*** Opening PROVIDED ENTRIES ***
(* Let $k$ be an algebraically closed field of positive characteristic and $n\geq1$. Then the action of $\mathrm{SO}_{2n+1}(k)$ on $\mathrm{Q}_{2n}(k)$ described in the context is transitive.
   Context: $\mathrm{Q}_{2n}$ is realized as the closed subscheme of $\mathbb{A}^{2n+2}_k$ given by $q_{2n+2}=0$ and $t_{2n+2}=1$, where $q_{2n+2}=\sum_{i=1}^{n+1}x_ix_{n+1+i}$, $t_{2n+2}(x)=x_{n+1}+x_{2n+2}=B(x,1)$ with $B$ the polar bilinear form of $q_{2n+2}$ and $1$ the vector with $x_{n+1}=x_{2n+2}=1$, other coordinates $0$ (this scheme is isomorphic to the hypersurface $\sum_{i=1}^nx_ix_{n+i}=x_{2n+1}(1-x_{2n+1})$ in $\mathbb{A}^{2n+1}_k$). The group $\mathrm{SO}_{2n+1}$ (kernel of the determinant on the orthogonal group scheme $\mathrm{O}_{2n+1}$ of $q_{2n+1}=\sum_{i=1}^nx_ix_{n+i}+x_{2n+1}^2$) acts on $\mathbb{A}^{2n+2}_k$ via the identification of $\mathrm{O}_{2n+1}$ with the stabilizer of $1$ in $\mathrm{GSO}_{2n+2}$ (the subgroup of similitudes of $q_{2n+2}$ generated by scalars and $\mathrm{SO}_{2n+2}$), using the embedding $(x_1,\dots,x_{2n+1})\mapsto(x_1,\dots,x_n,x_{2n+1},x_{n+1},\dots,x_{2n},x_{2n+1})$; this action preserves $q_{2n+2}$ and $t_{2n+2}$, hence $\mathrm{Q}_{2n}$. *)

theory Defs
  imports "HOL-Computational_Algebra.Polynomial" "Jordan_Normal_Form.DL_Rank"
begin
*** Closing PROVIDED ENTRIES ***
Set down the line that contains "theory Defs" exactly. Do the same for each later line of the data, through the end, and add nothing.

EXPECTED ANSWER ->
theory Defs
  imports "HOL-Computational_Algebra.Polynomial" "Jordan_Normal_Form.DL_Rank"
begin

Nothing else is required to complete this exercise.